(* Let $m\ge1$ and let $u$ be an $m$-labeled unranked tree with $|u|=p$ edges. The generating function $\mathbf C^{\mathcal T}_{m,p}(z)=\sum_{n\ge0} c_n z^n$, where $c_n$ is the number of $m$-labeled unranked trees with $n$ edges that contain $u$ as a subtree, is $$\mathbf C^{\mathcal T}_{m,p}(z)=\frac{z^{p+1}+\sqrt{1-4mz+2z^{p+1}+z^{2p+2}}-\sqrt{1-4mz}}{2z}.$$
   Context: An $m$-labeled unranked tree is a non-empty finite rooted tree whose nodes carry labels from $\{1,\dots,m\}$ and in which the children of every node are linearly ordered (any finite number of children). Its size is its number of edges. A tree $t$ contains $u$ as a subtree if for some node $v$ of $t$ the subtree rooted at $v$ (consisting of $v$ and all its descendants) equals $u$. *)

theory Defs
  imports Complex_Main
begin

datatype utree = Node nat "utree list"

fun labeled :: "nat \<Rightarrow> utree \<Rightarrow> bool" where
  "labeled m (Node a ts) = (a \<in> {1..m} \<and> (\<forall>t\<in>set ts. labeled m t))"

fun edges :: "utree \<Rightarrow> nat" where
  "edges (Node a ts) = length ts + sum_list (map edges ts)"

fun subtrees :: "utree \<Rightarrow> utree set" where
  "subtrees (Node a ts) = insert (Node a ts) (\<Union>t\<in>set ts. subtrees t)"

definition contains_subtree :: "utree \<Rightarrow> utree \<Rightarrow> bool" where
  "contains_subtree t u \<longleftrightarrow> u \<in> subtrees t"

definition count_containing :: "nat \<Rightarrow> utree \<Rightarrow> nat \<Rightarrow> nat" where
  "count_containing m u n = card {t. labeled m t \<and> edges t = n \<and> contains_subtree t u}"

end

theory Submission
  imports Defs
begin

text \<open>A tree with \<open>n\<close> edges is a root label in \<open>{1..m}\<close> over a forest, and a nonempty forest
  splits into its first tree and the remaining forest. Hence the numbers \<open>t\<^sub>n\<close> of \<open>m\<close>-labeled
  trees satisfy \<open>t\<^sub>0 = m\<close>, \<open>t\<^sub>n\<^sub>+\<^sub>1 = \<Sum>\<^sub>k t\<^sub>k t\<^sub>n\<^sub>-\<^sub>k\<close>, i.e. \<open>T = m + z T\<^sup>2\<close>.
  A tree avoids \<open>u\<close> iff its root forest does and it is not \<open>u\<close> itself; for the avoiding counts
  this gives \<open>A + z\<^sup>p = m + z A (A + z\<^sup>p)\<close>. A crude exponential bound on \<open>t\<^sub>n\<close> makes both
  series converge for \<open>\<bar>z\<bar> < 1 / (16 m)\<close>, where each is the root of its quadratic that is
  small at \<open>0\<close>; the trees containing \<open>u\<close> are counted by \<open>T - A\<close>.\<close>

definition forest_size :: "utree list \<Rightarrow> nat" where
  "forest_size ts = (\<Sum>t\<leftarrow>ts. Suc (edges t))"

lemma forest_size_simps [simp]:
  "forest_size [] = 0"
  "forest_size (t # ts) = Suc (edges t) + forest_size ts"
  by (simp_all add: forest_size_def)
fun clear_outer ::
  "(bitstring \<Rightarrow> bitstring \<Rightarrow> real) \<Rightarrow> real \<Rightarrow> nat \<Rightarrow> bitstring list \<Rightarrow> nat list
     \<Rightarrow> (nat \<Rightarrow> real) \<Rightarrow> (nat \<Rightarrow> real)" where
  "clear_outer d \<sigma> \<kappa> Q [] fit = fit"
| "clear_outer d \<sigma> \<kappa> Q (i # is) fit =
     clear_outer d \<sigma> \<kappa> Q is (if 0 < fit i then clear_inner d \<sigma> \<kappa> Q i is fit else fit)"

text \<open>Cleared fitness of the members of Q (indexed by position in Q). Q is sorted by
  decreasing fitness with a stable sort (ties keep their order in Q).\<close>
definition cleared_fitness ::
  "(bitstring \<Rightarrow> real) \<Rightarrow> (bitstring \<Rightarrow> bitstring \<Rightarrow> real) \<Rightarrow> real \<Rightarrow> nat \<Rightarrow> bitstring list
     \<Rightarrow> nat \<Rightarrow> real" where
  "cleared_fitness f d \<sigma> \<kappa> Q =
     clear_outer d \<sigma> \<kappa> Q (sort_key (\<lambda>i. - f (Q ! i)) [0..<length Q]) (\<lambda>i. f (Q ! i))"

definition remove_at :: "nat \<Rightarrow> 'a list \<Rightarrow> 'a list" where
  "remove_at k xs = take k xs @ drop (Suc k) xs"
(* For an integer $k\ge 2$ let $m_k=2^{2^k-1}F_1F_2\cdots F_{k-1}$, where $F_j=2^{2^j}+1$ is the $j$-th Fermat number. Then $m_k$ is imperfect, i.e. $2\beta(m_k)=m_k$, if and only if $k\in\{2,3,4,5\}$.
   Context: $\beta$ is the multiplicative arithmetic function with $\beta(1)=1$ and $\beta(p^a)=p^a-p^{a-1}+\cdots+(-1)^a=\frac{p^{a+1}+(-1)^a}{p+1}$ for every prime power $p^a$ ($a\ge1$). A positive integer $n$ is called imperfect if $2\beta(n)=n$. *)

theory Defs
  imports "HOL-Computational_Algebra.Primes"
begin

definition beta_pp :: "nat \<Rightarrow> nat \<Rightarrow> int" where
  "beta_pp p a = (\<Sum>i\<le>a. (-1) ^ (a - i) * int p ^ i)"

text \<open>beta is the multiplicative function determined by its prime-power values;
  beta 1 = 1 (empty product).\<close>
definition beta :: "nat \<Rightarrow> int" where
  "beta n = (\<Prod>p\<in>prime_factors n. beta_pp p (multiplicity p n))"

definition imperfect :: "nat \<Rightarrow> bool" where
  "imperfect n \<longleftrightarrow> n > 0 \<and> 2 * beta n = int n"

definition fermat :: "nat \<Rightarrow> nat" where
  "fermat j = 2 ^ (2 ^ j) + 1"

definition m_k :: "nat \<Rightarrow> nat" where
  "m_k k = 2 ^ (2 ^ k - 1) * (\<Prod>j\<in>{1..k-1}. fermat j)"

end

theory Submission
  imports Defs
begin

(* Write P_n = F_1 F_2 ... F_n, so that m_k = 2^(2^k - 1) P_(k-1).
   From F_0 F_1 ... F_n + 1 = 2^(2^(n+1)) we get 3 P_n + 1 = 2^(2^(n+1)); hence P_n is
   odd and beta(2^(2^k-1)) = (2^(2^k) - 1)/3 = P_(k-1).  Since beta is multiplicative,
   beta(m_k) = P_(k-1) beta(P_(k-1)), so m_k is imperfect iff beta(P_(k-1)) = 2^(2^k-2).
   - If F_1, ..., F_n are all prime (true for n <= 4), then beta(P_n) is the product of
     the F_j - 1 = 2^(2^j), which is exactly 2^(2^(n+1)-2); this gives k = 2,3,4,5.
   - For k >= 6 the prime 641 divides F_5, hence P_(k-1), so beta(641^e) with e >= 1
     divides the power of two beta(P_(k-1)).  But beta(p^e) mod 10 is 1 or 0 whenever
     p = 1 (mod 10), so it is either odd and larger than 1, or divisible by 5.
   The file first certifies the needed primes by trial division, then develops beta on
   prime powers, multiplicativity of beta, the Fermat products, the reduction above and
   the two directions; the theorem itself is a short combination of these. *)

lemma prime_by_trial_division:
  fixes n B :: nat
  assumes "1 < n" "n < B * B" "list_all (\<lambda>d. n mod d \<noteq> 0) [2..<B]"
  shows "prime n"
proof (rule ccontr)
  assume "\<not> prime n"
  then obtain d where d: "d dvd n" "d \<noteq> 1" "d \<noteq> n" using assms(1) prime_nat_iff by auto
  then obtain q where dq: "n = d * q" by auto
  define c where "c = min d q"
  have "2 \<le> d" "2 \<le> q" using d dq assms(1) by (cases d; cases q; auto)+
  then have "2 \<le> c" "c dvd n" using dq by (auto simp: c_def min_def)
  moreover have "c * c \<le> n" using dq by (simp add: c_def min_def mult_le_mono)
  then have "c < B" using assms(2) by (meson le_less_trans mult_le_mono not_less)
  ultimately have "c \<in> set [2..<B]" and "n mod c = 0" by auto
  then show False using assms(3) by (auto simp: list_all_iff simp del: set_upt)
qed

lemma prime_641: "prime (641::nat)"
  by (rule prime_by_trial_division[where B = 26]) (simp_all add: upt_rec)

lemma fermat_prime_upto_4:
  assumes "1 \<le> j" "j \<le> 4"
  shows "prime (fermat j)"
proof -
  have "prime (5::nat)"
    by (rule prime_by_trial_division[where B = 3]) (simp_all add: upt_rec)
  moreover have "prime (17::nat)"
    by (rule prime_by_trial_division[where B = 5]) (simp_all add: upt_rec)
  moreover have "prime (257::nat)"
    by (rule prime_by_trial_division[where B = 17]) (simp_all add: upt_rec)
  moreover have "prime (65537::nat)"
    by (rule prime_by_trial_division[where B = 257]) (simp_all add: upt_rec)
  moreover have "j \<in> {1, 2, 3, 4}" using assms by auto
  then have "fermat j \<in> {5, 17, 257, 65537}" by (auto simp: fermat_def)
  ultimately show ?thesis by (metis empty_iff insert_iff)
qed

section \<open>beta on prime powers\<close>

lemma beta_pp_0: "beta_pp p 0 = 1"
  by (simp add: beta_pp_def)

lemma beta_pp_Suc: "beta_pp p (Suc a) = int p * beta_pp p a + (-1) ^ Suc a"
proof -
  have "beta_pp p (Suc a) = (-1) ^ Suc a + (\<Sum>i\<le>a. (-1) ^ (a - i) * int p ^ Suc i)"
    unfolding beta_pp_def by (subst sum.atMost_Suc_shift) simp
  also have "\<dots> = (-1) ^ Suc a + int p * (\<Sum>i\<le>a. (-1) ^ (a - i) * int p ^ i)"
    by (simp add: sum_distrib_left algebra_simps)
  finally show ?thesis by (simp add: beta_pp_def)
qed

lemma beta_pp_closed: "(int p + 1) * beta_pp p a = int p ^ Suc a + (-1) ^ a"
  by (induction a) (simp_all add: beta_pp_0 beta_pp_Suc algebra_simps)

lemma beta_pp_ge:
  assumes "2 \<le> p" "1 \<le> a"
  shows "int p - 1 \<le> beta_pp p a"
  using assms(2)
proof (induction a rule: dec_induct)
  case base
  show ?case using beta_pp_Suc[of p 0] by (simp add: beta_pp_0)
next
  case (step a)
  have pos: "1 \<le> beta_pp p a" using step.IH assms(1) by simp
  have "int p * 1 \<le> int p * beta_pp p a"
    using pos by (intro mult_left_mono) auto
  moreover have "(-1::int) ^ Suc a \<ge> -1" by (cases "even a") auto
  ultimately show ?case using pos beta_pp_Suc[of p a] by linarith
qed

lemma beta_pp_mod_10:
  assumes "p mod 10 = 1"
  shows "beta_pp p a mod 10 = (if even a then 1 else 0)"
proof (induction a)
  case 0
  then show ?case by (simp add: beta_pp_0)
next
  case (Suc a)
  define q where "q = int (p div 10)"
  have "p = 10 * (p div 10) + 1" using assms by presburger
  then have p: "int p = 10 * q + 1" unfolding q_def by linarith
  have "beta_pp p (Suc a) = 10 * (q * beta_pp p a) + (beta_pp p a + (-1) ^ Suc a)"
    by (simp add: beta_pp_Suc p algebra_simps)
  then have "beta_pp p (Suc a) mod 10 = (beta_pp p a mod 10 + (-1) ^ Suc a) mod 10"
    by (simp add: mod_add_left_eq mod_diff_left_eq)
  then show ?case using Suc by (cases "even a") auto
qed

text \<open>Hence such a beta(p^a), a >= 1, never divides a power of two: it is either odd
  and at least p - 1 > 1, or a multiple of 5.\<close>
lemma beta_pp_not_dvd_power_of_2:
  assumes "p mod 10 = 1" "1 < p" "1 \<le> a"
  shows "\<not> beta_pp p a dvd 2 ^ N"
proof
  assume dvd: "beta_pp p a dvd 2 ^ N"
  show False
  proof (cases "even a")
    case True
    then have "beta_pp p a mod 10 mod 2 = 1" by (simp add: beta_pp_mod_10[OF assms(1)])
    then have "odd (beta_pp p a)" by (simp add: mod_mod_cancel odd_iff_mod_2_eq_one)
    then have "coprime (beta_pp p a) (2 ^ N)" by simp
    then have "is_unit (beta_pp p a)" using dvd coprime_absorb_left by blast
    moreover have "11 \<le> p" using assms(1,2) by presburger
    then have "10 \<le> beta_pp p a" using beta_pp_ge[of p a] assms(3) by linarith
    ultimately show False by simp
  next
    case False
    then have "beta_pp p a mod 10 mod 5 = 0" by (simp add: beta_pp_mod_10[OF assms(1)])
    then have "5 dvd beta_pp p a" by (simp add: mod_mod_cancel dvd_eq_mod_eq_0)
    then have "(5::int) dvd 2 ^ N" using dvd by (rule dvd_trans)
    moreover have "prime (5::int)" by (simp add: prime_int_nat_transfer)
    ultimately have "(5::int) dvd 2" using prime_dvd_power by blast
    then show False by simp
  qed
qed

section \<open>Multiplicativity of beta\<close>

lemma beta_prime_power:
  assumes "prime p"
  shows "beta (p ^ e) = beta_pp p e"
  using assms by (cases "e = 0") (simp_all add: beta_def beta_pp_0 prime_factorization_prime_power)

text \<open>beta is multiplicative: coprime factors have disjoint sets of prime factors.\<close>
lemma beta_mult_coprime:
  fixes a b :: nat
  assumes "coprime a b" "a > 0" "b > 0"
  shows "beta (a * b) = beta a * beta b"
proof -
  have disj: "prime_factors a \<inter> prime_factors b = {}"
    using assms(1) by (auto simp: in_prime_factors_iff dest: coprime_common_divisor not_prime_unit)
  have mult: "multiplicity p (a * b) = multiplicity p a + multiplicity p b" if "prime p" for p
    using that assms by (intro prime_elem_multiplicity_mult_distrib) auto
  have only_a: "multiplicity p (a * b) = multiplicity p a" if p: "p \<in> prime_factors a" for p
  proof -
    have "\<not> p dvd b" using p disj assms(3) by (auto simp: in_prime_factors_iff)
    then show ?thesis using p mult[of p] by (simp add: in_prime_factors_iff not_dvd_imp_multiplicity_0)
  qed
  have only_b: "multiplicity p (a * b) = multiplicity p b" if p: "p \<in> prime_factors b" for p
  proof -
    have "\<not> p dvd a" using p disj assms(2) by (auto simp: in_prime_factors_iff)
    then show ?thesis using p mult[of p] by (simp add: in_prime_factors_iff not_dvd_imp_multiplicity_0)
  qed
  have "beta (a * b) = (\<Prod>p\<in>prime_factors a \<union> prime_factors b. beta_pp p (multiplicity p (a * b)))"
    using assms by (simp add: beta_def prime_factors_product)
  also have "\<dots> = (\<Prod>p\<in>prime_factors a. beta_pp p (multiplicity p (a * b)))
                * (\<Prod>p\<in>prime_factors b. beta_pp p (multiplicity p (a * b)))"
    using disj by (simp add: prod.union_disjoint)
  also have "\<dots> = beta a * beta b"
    unfolding beta_def using only_a only_b by simp
  finally show ?thesis .
qed

lemma beta_times_new_prime:
  assumes "prime p" "n > 0" "\<not> p dvd n"
  shows "beta (n * p) = beta n * (int p - 1)"
proof -
  have "beta (n * p) = beta n * beta (p ^ 1)"
    using assms prime_imp_coprime[of p n] prime_gt_0_nat[of p]
    by (simp add: beta_mult_coprime coprime_commute)
  then show ?thesis using beta_prime_power[OF assms(1), of 1] by (simp add: beta_pp_Suc beta_pp_0)
qed

lemma beta_pp_dvd_beta:
  assumes "p \<in> prime_factors n"
  shows "beta_pp p (multiplicity p n) dvd beta n"
  unfolding beta_def using assms by (intro dvd_prodI) simp_all

section \<open>Products of Fermat numbers\<close>

text \<open>P_n = F_1 F_2 ... F_n, the odd part of m_(n+1).\<close>
definition fermat_prod :: "nat \<Rightarrow> nat" where
  "fermat_prod n = (\<Prod>j\<in>{1..n}. fermat j)"

lemma m_k_fermat_prod: "m_k k = 2 ^ (2 ^ k - 1) * fermat_prod (k - 1)"
  by (simp add: m_k_def fermat_prod_def)

lemma prod_fermat_plus_1: "(\<Prod>j<n. fermat j) + 1 = 2 ^ (2 ^ n)"
proof (induction n)
  case 0
  then show ?case by simp
next
  case (Suc n)
  define Q where "Q = (\<Prod>j<n. fermat j)"
  have "(\<Prod>j<Suc n. fermat j) + 1 = Q * (Q + 2) + 1"
    using Suc by (simp add: Q_def fermat_def)
  also have "\<dots> = (Q + 1) ^ 2" by (simp add: power2_eq_square algebra_simps)
  also have "\<dots> = 2 ^ (2 ^ Suc n)"
    using Suc by (simp add: Q_def power_mult[symmetric] mult.commute)
  finally show ?case .
qed
lemma tendsto_ereal_of_eventually_close:
  assumes "\<And>\<epsilon>. 0 < \<epsilon> \<Longrightarrow> \<forall>\<^sub>F A in F. ereal (c - \<epsilon>) \<le> g A \<and> g A \<le> ereal (c + \<epsilon>)"
  shows "(g \<longlongrightarrow> ereal c) F"
proof (rule order_tendstoI)
  fix a assume "a < ereal c"
  then obtain r where r: "a < ereal r" "r < c" using ereal_dense2 by force
  from assms[of "c - r"] r(2) show "\<forall>\<^sub>F A in F. a < g A"
    by (auto elim!: eventually_mono intro: less_le_trans[OF r(1)])
next
  fix a assume "ereal c < a"
  then obtain r where r: "ereal r < a" "c < r" using ereal_dense2 by force
  from assms[of "r - c"] r(2) show "\<forall>\<^sub>F A in F. g A < a"
    by (auto elim!: eventually_mono intro: le_less_trans[OF _ r(1)])
qed

lemma Limsup_Liminf_tendsto_of_uniform:
  fixes f :: "'a \<Rightarrow> real \<Rightarrow> real"
  assumes "\<And>\<epsilon>. 0 < \<epsilon> \<Longrightarrow> \<forall>\<^sub>F A in F. \<forall>\<^sub>F x in at_top. \<bar>f A x - c\<bar> \<le> \<epsilon>"
  shows "((\<lambda>A. Limsup at_top (\<lambda>x. ereal (f A x))) \<longlongrightarrow> ereal c) F"
    and "((\<lambda>A. Liminf at_top (\<lambda>x. ereal (f A x))) \<longlongrightarrow> ereal c) F"
proof -
  have bounds: "\<forall>\<^sub>F A in F. ereal (c - \<epsilon>) \<le> Liminf at_top (\<lambda>x. ereal (f A x))
      \<and> Limsup at_top (\<lambda>x. ereal (f A x)) \<le> ereal (c + \<epsilon>)" if "0 < \<epsilon>" for \<epsilon>
    using assms[OF that]
  proof eventually_elim
    case (elim A)
    then show ?case
      by (intro conjI Liminf_bounded Limsup_bounded) (auto elim!: eventually_mono simp: abs_le_iff)
  qed
  have Liminf_le_Limsup: "Liminf at_top (\<lambda>x. ereal (f A x)) \<le> Limsup at_top (\<lambda>x. ereal (f A x))" for A
    by (rule Liminf_le_Limsup) simp
  show "((\<lambda>A. Limsup at_top (\<lambda>x. ereal (f A x))) \<longlongrightarrow> ereal c) F"
  proof (rule tendsto_ereal_of_eventually_close)
    fix \<epsilon> :: real assume "0 < \<epsilon>"
    from bounds[OF this] show "\<forall>\<^sub>F A in F. ereal (c - \<epsilon>) \<le> Limsup at_top (\<lambda>x. ereal (f A x))
        \<and> Limsup at_top (\<lambda>x. ereal (f A x)) \<le> ereal (c + \<epsilon>)"
      by eventually_elim (use Liminf_le_Limsup in \<open>blast intro: order_trans\<close>)
  qed
  show "((\<lambda>A. Liminf at_top (\<lambda>x. ereal (f A x))) \<longlongrightarrow> ereal c) F"
  proof (rule tendsto_ereal_of_eventually_close)
    fix \<epsilon> :: real assume "0 < \<epsilon>"
    from bounds[OF this] show "\<forall>\<^sub>F A in F. ereal (c - \<epsilon>) \<le> Liminf at_top (\<lambda>x. ereal (f A x))
        \<and> Liminf at_top (\<lambda>x. ereal (f A x)) \<le> ereal (c + \<epsilon>)"
      by eventually_elim (use Liminf_le_Limsup in \<open>blast intro: order_trans\<close>)
  qed
qed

◆ ◆ ◆ ◆ ◆

** What to do **
The answer is each line from the entries above in which the word "else" occurs.

** Task output **
     clear_outer d \<sigma> \<kappa> Q is (if 0 < fit i then clear_inner d \<sigma> \<kappa> Q i is fit else fit)"
  shows "beta_pp p a mod 10 = (if even a then 1 else 0)"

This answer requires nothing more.